At Gnip, Tumblr joins Twitter, WordPress, Disqus and the Chinese microblogging service Sina Weibo as the latest tree in a forest of Social Big Data accessible via API. A well-written API can transform a jumble of numbers into a perfectly organized multiplication table – on the order of millions or even billions of complex data pieces. (See this recent Economist visualization of the data record of a single tweet for more context.)
The data pieces are valuable, but not solely because they help advertisers sell more widgets: In an email, Gnip Chief Operating Officer Chris Moody explained one of the coolest uses of data his company has enabled may have actually helped firefighters do their job better: “During the 4 Mile Canyon Fire in Boulder in 2010, [Gnip customer] VisionLink was able to provide fire crews and managers a realtime view into what was happening on the ground by layering geo-tagged Tweets and Flickr images onto a Google map of the area.”

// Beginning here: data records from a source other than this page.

lemma ground_state_if_minimizer:
  assumes "i \<in> {1..n}" "0 < p" and w: "w \<in> normalized_functions n p"
    and min: "\<And>f. f \<in> normalized_functions n p \<Longrightarrow> tadpole_energy n i p w \<le> tadpole_energy n i p f"
  shows "ground_state n i p w"
  unfolding ground_state_def
proof (intro conjI allI impI)
  show "w n = 0" "lp_mass n p w = 1"
    using w unfolding normalized_functions_def by auto
  fix h :: "nat \<Rightarrow> real"
  assume "h n = 0"
  show "tadpole_energy n i p w * lp_mass n p h \<le> tadpole_energy n i p h"
  proof (cases "lp_mass n p h = 0")
    case True
    then show ?thesis by (simp add: tadpole_energy_nonneg)
  next
    case False
    then have "0 < lp_mass n p h"
      using lp_mass_nonneg[of n p h] by simp
    moreover have "tadpole_energy n i p w \<le> tadpole_energy n i p h / lp_mass n p h"
      using exists_normalized_rescaling[OF assms(1,2) \<open>h n = 0\<close> \<open>0 < lp_mass n p h\<close>] min by metis
    ultimately show ?thesis
      by (simp add: pos_le_divide_eq)
  qed
qed

lemma exists_ground_state:
  assumes "3 \<le> i" "i < n" "0 < p"
  shows "\<exists>v. ground_state n i p v"
proof -
  let ?\<delta> = "\<lambda>x::nat. if x = 1 then 1 else 0 :: real"
  have "lp_mass n p ?\<delta> = (\<Sum>x=1..n. if x = 1 then 1 else 0)"
    unfolding lp_mass_def by (intro sum.cong) auto
  then have "lp_mass n p ?\<delta> = 1"
    using assms by simp
  then have "?\<delta> \<in> normalized_functions n p"
    using assms unfolding normalized_functions_def by auto
  then obtain w where "w \<in> normalized_functions n p"
    "\<And>f. f \<in> normalized_functions n p \<Longrightarrow> tadpole_energy n i p w \<le> tadpole_energy n i p f"
    using continuous_attains_inf[OF compact_normalized_functions[OF assms(3)] _
        continuous_on_tadpole_energy[OF assms(3)]]
    by blast
  then show ?thesis
    using assms by (intro exI[of _ w] ground_state_if_minimizer) auto
qed

lemma tadpole_energy_abs_le: "0 \<le> p \<Longrightarrow> tadpole_energy n i p (\<lambda>x. \<bar>f x\<bar>) \<le> tadpole_energy n i p f"
  unfolding tadpole_energy_def
  by (intro add_mono sum_mono powr_mono2) (auto simp: abs_triangle_ineq3)

lemma ground_state_abs:
  assumes "ground_state n i p v" "0 \<le> p"
  shows "ground_state n i p (\<lambda>x. \<bar>v x\<bar>)"
  unfolding ground_state_def
proof (intro conjI allI impI)
  show "\<bar>v n\<bar> = 0" "lp_mass n p (\<lambda>x. \<bar>v x\<bar>) = 1"
    using assms(1) unfolding ground_state_def lp_mass_def by auto
  fix h :: "nat \<Rightarrow> real"
  assume "h n = 0"
  have "tadpole_energy n i p (\<lambda>x. \<bar>v x\<bar>) * lp_mass n p h \<le> tadpole_energy n i p v * lp_mass n p h"
    using tadpole_energy_abs_le[OF assms(2)] lp_mass_nonneg by (rule mult_right_mono)
  also have "\<dots> \<le> tadpole_energy n i p h"
    using assms(1) \<open>h n = 0\<close> unfolding ground_state_def by blast
  finally show "tadpole_energy n i p (\<lambda>x. \<bar>v x\<bar>) * lp_mass n p h \<le> tadpole_energy n i p h" .
qed

lemma tadpole_energy_power_mean_le:
  assumes "1 \<le> p" "\<And>x. 0 \<le> f x" "\<And>x. 0 \<le> g x"
  shows "tadpole_energy n i p (\<lambda>x. power_mean p (f x) (g x))
    \<le> (tadpole_energy n i p f + tadpole_energy n i p g) / 2"
proof -
  have edge: "\<bar>power_mean p (f a) (g a) - power_mean p (f b) (g b)\<bar> powr p
      \<le> (\<bar>f a - f b\<bar> powr p + \<bar>g a - g b\<bar> powr p) / 2" for a b
    using assms by (intro power_mean_diff_powr_le) auto
  have "tadpole_energy n i p (\<lambda>x. power_mean p (f x) (g x))
      \<le> (\<Sum>k=1..<n. (\<bar>f k - f (Suc k)\<bar> powr p + \<bar>g k - g (Suc k)\<bar> powr p) / 2)
        + (\<bar>f 1 - f i\<bar> powr p + \<bar>g 1 - g i\<bar> powr p) / 2"
    unfolding tadpole_energy_def by (intro add_mono sum_mono edge)
  also have "\<dots> = (tadpole_energy n i p f + tadpole_energy n i p g) / 2"
    unfolding tadpole_energy_def by (simp add: sum.distrib field_simps flip: sum_divide_distrib)
  finally show ?thesis .
qed

lemma lp_mass_power_mean:
  assumes "0 < p" "\<And>x. 0 \<le> f x" "\<And>x. 0 \<le> g x"
  shows "lp_mass n p (\<lambda>x. power_mean p (f x) (g x)) = (lp_mass n p f + lp_mass n p g) / 2"
  using assms unfolding lp_mass_def
  by (simp add: power_mean_nonneg power_mean_powr sum.distrib flip: sum_divide_distrib)

lemma tadpole_energy_4:
  assumes "4 \<le> n"
  shows "tadpole_energy n 4 p f = \<bar>f 1 - f 2\<bar> powr p + \<bar>f 2 - f 3\<bar> powr p + \<bar>f 3 - f 4\<bar> powr p
    + \<bar>f 1 - f 4\<bar> powr p + (\<Sum>k=4..<n. \<bar>f k - f (Suc k)\<bar> powr p)"
proof -
  have "{1..<n} = {1, 2, 3} \<union> {4..<n}"
    using assms by auto
  then show ?thesis
    unfolding tadpole_energy_def by (simp add: sum.union_disjoint numeral_eq_Suc)
qed

lemma tadpole_energy_4_transpose:
  assumes "4 \<le> n"
  shows "tadpole_energy n 4 p (\<lambda>x. f (transpose 1 3 x)) = tadpole_energy n 4 p f"
proof -
  have "(\<Sum>k=4..<n. \<bar>f (transpose 1 3 k) - f (transpose 1 3 (Suc k))\<bar> powr p)
      = (\<Sum>k=4..<n. \<bar>f k - f (Suc k)\<bar> powr p)"
    by (intro sum.cong) auto
  then show ?thesis
    unfolding tadpole_energy_4[OF assms] by (simp add: abs_minus_commute)
qed

lemma lp_mass_transpose:
  assumes "3 \<le> n"
  shows "lp_mass n p (\<lambda>x. f (transpose 1 3 x)) = lp_mass n p f"
proof -
  have "transpose 1 3 ` {1..n} = {1..n}"
    using assms by (intro transpose_image_eq) auto
  then show ?thesis
    unfolding lp_mass_def using sum.reindex[OF inj_on_transpose, of "\<lambda>x. \<bar>f x\<bar> powr p" 1 3 "{1..n}"]
    by simp
qed

lemma ground_state_symmetrize:
  assumes "ground_state n 4 p u" "\<And>x. 0 \<le> u x" "1 \<le> p" "4 \<le> n"
  shows "ground_state n 4 p (\<lambda>x. power_mean p (u x) (u (transpose 1 3 x)))"
proof -
  let ?v = "\<lambda>x. power_mean p (u x) (u (transpose 1 3 x))"
  have p: "0 < p" using assms(3) by simp
  have "tadpole_energy n 4 p ?v \<le> tadpole_energy n 4 p u"
    using tadpole_energy_power_mean_le[OF assms(3), of u "\<lambda>x. u (transpose 1 3 x)" n 4]
      tadpole_energy_4_transpose[OF assms(4), of p u] assms(2) by simp
  moreover have "lp_mass n p ?v = 1"
    using lp_mass_power_mean[OF p, of u "\<lambda>x. u (transpose 1 3 x)" n] lp_mass_transpose[of n p u] assms
    by (simp add: ground_state_def)
  moreover have "?v n = 0"
    using assms p by (simp add: ground_state_def power_mean_same)
  ultimately show ?thesis
    using assms(1) lp_mass_nonneg[of n p] unfolding ground_state_def
    by (meson mult_right_mono order_trans)
qed

section \<open>Flat ground states\<close>

lemma powr_increment_ge:
  fixes x e p :: real
  assumes "0 < x" "0 \<le> e" "1 \<le> p"
  shows "e * x powr (p - 1) \<le> (x + e) powr p - x powr p"
proof -
  have split: "y powr p = y * y powr (p - 1)" if "0 \<le> y" for y :: real
    using powr_mult_base[OF that, of "p - 1"] by simp
  have "x powr (p - 1) \<le> (x + e) powr (p - 1)"
    using assms by (intro powr_mono2) auto
  then have "(x + e) * x powr (p - 1) \<le> (x + e) * (x + e) powr (p - 1)"
    using assms by (intro mult_left_mono) auto
  then show ?thesis
    using assms split[of x] split[of "x + e"] by (simp add: algebra_simps)
qed

lemma exists_powr_lt_linear:
  fixes p K \<delta> :: real
  assumes "1 < p" "0 < K" "0 < \<delta>"
  shows "\<exists>e. 0 < e \<and> e \<le> \<delta> \<and> 2 * e powr p < K * e"
proof -
  define e where "e = min \<delta> ((K / 4) powr (1 / (p - 1)))"
  have e: "0 < e" "e \<le> \<delta>"
    using assms by (auto simp: e_def)
  have "e powr (p - 1) \<le> ((K / 4) powr (1 / (p - 1))) powr (p - 1)"
    using assms e by (intro powr_mono2) (auto simp: e_def)
  also have "\<dots> = K / 4"
    using assms by (simp add: powr_powr)
  finally have "e powr (p - 1) \<le> K / 4" .
  have "2 * e powr p = 2 * e * e powr (p - 1)"
    using e powr_mult_base[of e "p - 1"] by simp
  also have "\<dots> \<le> 2 * e * (K / 4)"
    using \<open>e powr (p - 1) \<le> K / 4\<close> e by (intro mult_left_mono) auto
  also have "\<dots> < K * e"
    using assms e by simp
  finally show ?thesis
    using e by blast
qed

lemma two_half_powr_less:
  fixes p d :: real
  assumes "1 < p" "0 < d"
  shows "2 * (d / 2) powr p < d powr p"
proof -
  have "2 * (d / 2) powr p < 2 powr p * (d / 2) powr p"
    using assms powr_less_cancel_iff[of 2 1 p] by (intro mult_strict_right_mono) auto
  also have "\<dots> = d powr p"
    by (simp flip: powr_mult)
  finally show ?thesis .
qed

lemma path_sum_eq_0_imp_eq:
  fixes f :: "nat \<Rightarrow> real"
  assumes "(\<Sum>k=m..<n. \<bar>f k - f (Suc k)\<bar> powr p) = 0" "m \<le> n"
  shows "f m = f n"
  using assms(2,1)
proof (induction n rule: dec_induct)
  case (step n)
  then show ?case
    by (simp add: add_nonneg_eq_0_iff sum_nonneg)
qed simp

lemma lp_mass_upd:
  assumes "j \<in> {1..n}"
  shows "lp_mass n p (f(j := t)) = lp_mass n p f - \<bar>f j\<bar> powr p + \<bar>t\<bar> powr p"
proof -
  have "(\<Sum>x\<in>{1..n} - {j}. \<bar>(f(j := t)) x\<bar> powr p) = (\<Sum>x\<in>{1..n} - {j}. \<bar>f x\<bar> powr p)"
    by (intro sum.cong) auto
  moreover have "lp_mass n p g = \<bar>g j\<bar> powr p + (\<Sum>x\<in>{1..n} - {j}. \<bar>g x\<bar> powr p)" for g
    unfolding lp_mass_def by (rule sum.remove[OF finite_atLeastAtMost assms])
  ultimately show ?thesis
    by simp
qed
definition tau :: "('a::bounded_semilattice_sup_bot \<Rightarrow> 'a) set \<Rightarrow> 'a rel \<Rightarrow> 'a rel" where
  "tau F \<theta> = {(x, y). \<forall>h\<in>gen_monoid F. (h x \<in> zero_class \<theta> \<longleftrightarrow> h y \<in> zero_class \<theta>)}"

definition con_join :: "('a::bounded_semilattice_sup_bot \<Rightarrow> 'a) set \<Rightarrow> 'a rel \<Rightarrow> 'a rel \<Rightarrow> 'a rel" where
  "con_join F \<alpha> \<beta> = \<Inter>{\<theta>. congruence F \<theta> \<and> \<alpha> \<union> \<beta> \<subseteq> \<theta>}"

end

theory Submission
  imports Defs
begin

text \<open>Write \<open>K\<close>, \<open>L\<close>, \<open>Z\<^sub>i\<close> for the 0-classes of \<open>\<chi>\<close>, \<open>\<gamma>\<close>, \<open>\<zeta>\<^sub>i\<close> and \<open>T\<close> for
\<open>\<Inter>\<^sub>i \<tau>(\<chi> \<and> \<zeta>\<^sub>i)\<close>. As \<open>\<eta>(\<psi>)\<close> depends only on the 0-class of \<open>\<psi>\<close>, it suffices to
find a congruence above \<open>\<eta>(\<chi>)\<close> and \<open>T\<close> whose 0-class lies in \<open>L\<close>. Let \<open>R\<close> be the least
set containing 0 and closed under joins with elements of \<open>K\<close> and under upward \<open>T\<close>-steps;
the syntactic congruence of the down-set of \<open>R\<close> contains \<open>\<eta>(\<chi>)\<close> and \<open>T\<close>, and its 0-class
lies in that down-set. Finally \<open>R \<subseteq> L\<close>, since all images \<open>h x\<close> of an \<open>x \<in> R\<close> satisfy the
invariant "\<open>h x \<in> L\<close>, and \<open>h x \<in> Z\<^sub>i\<close> implies \<open>h x \<in> K\<close>": under this invariant an
upward \<open>T\<close>-step is a \<open>\<tau>(\<zeta>\<^sub>i)\<close>-step for every \<open>i\<close>, hence a \<open>\<tau>(\<gamma>)\<close>-step.\<close>

lemma gen_monoid_hom:
  assumes "sl_operators F" "h \<in> gen_monoid F"
  shows "(\<forall>x y. h (sup x y) = sup (h x) (h y)) \<and> h (bot::'a::bounded_semilattice_sup_bot) = bot"
  using assms(2) by induction (use assms(1) in \<open>auto simp: sl_operators_def\<close>)

lemma gen_monoid_sup:
  "sl_operators F \<Longrightarrow> h \<in> gen_monoid F \<Longrightarrow> h (sup x y) = sup (h x) (h y)"
  using gen_monoid_hom by blast

lemma gen_monoid_bot:
  "sl_operators F \<Longrightarrow> h \<in> gen_monoid F \<Longrightarrow> h (bot::'a::bounded_semilattice_sup_bot) = bot"
  using gen_monoid_hom by blast

lemma gen_monoid_mono:
  "sl_operators F \<Longrightarrow> h \<in> gen_monoid F \<Longrightarrow> x \<le> (y::'a::bounded_semilattice_sup_bot) \<Longrightarrow> h x \<le> h y"
  by (metis gen_monoid_sup sup.absorb_iff2 sup.cobounded1)

lemma gen_monoid_comp:
  "h \<in> gen_monoid F \<Longrightarrow> g \<in> gen_monoid F \<Longrightarrow> h \<circ> g \<in> gen_monoid F"
  by (induction rule: gen_monoid.induct) (auto simp: comp_assoc intro: gen_monoid.intros)

lemma gen_monoid_generator: "f \<in> F \<Longrightarrow> f \<in> gen_monoid F"
  using gen_monoid.gen_comp[OF _ gen_monoid.gen_id, of f F] by simp

lemma congruence_refl: "congruence F \<theta> \<Longrightarrow> (x, x) \<in> \<theta>"
  by (auto simp: congruence_def equiv_def refl_on_def)

lemma congruence_sym: "congruence F \<theta> \<Longrightarrow> (x, y) \<in> \<theta> \<Longrightarrow> (y, x) \<in> \<theta>"
  by (auto simp: congruence_def equiv_def sym_def)

lemma congruence_trans: "congruence F \<theta> \<Longrightarrow> (x, y) \<in> \<theta> \<Longrightarrow> (y, z) \<in> \<theta> \<Longrightarrow> (x, z) \<in> \<theta>"
  unfolding congruence_def equiv_def trans_def by blast

lemma congruence_sup:
  "congruence F \<theta> \<Longrightarrow> (x, y) \<in> \<theta> \<Longrightarrow> (u, v) \<in> \<theta> \<Longrightarrow> (sup x u, sup y v) \<in> \<theta>"
  unfolding congruence_def by blast

lemma congruence_gen_monoid:
  assumes "congruence F \<theta>" "h \<in> gen_monoid F" "(x, y) \<in> \<theta>"
  shows "(h x, h y) \<in> \<theta>"
  using assms(2,3)
  by (induction arbitrary: x y rule: gen_monoid.induct) (use assms(1) in \<open>auto simp: congruence_def\<close>)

It’s not just maps, photos and geo locations that number crunchers crave. Tumblr, after all, is a blog network full of cat photos, animated GIFs and other tomfoolery. Yet last year its already booming traffic grew an additional 300 percent. As the Web comic XKCD noted a day before Gnip’s announcement, the proper noun “Tumblr” is perhaps six months away from surpassing “blogging” in online searches, much the way “Google” became synonymous with the verb “search” a decade earlier. Tumblr users know that the site’s tools are heavily oriented toward sharing and signaling, as opposed to pure content creation. On Tumblr, users can of course write posts and upload photos, but they can also follow other users, “heart” each others’ posts and reblog posts they want to share with their own followers – and each action takes little more than one click. All these actions are trackable, all of them indicate some sort of sentiment or preference and all of them are discrete chunks of data in Tumblr’s massive data store – now joining the 90 billion pieces of social data Gnip is already delivering on a monthly basis.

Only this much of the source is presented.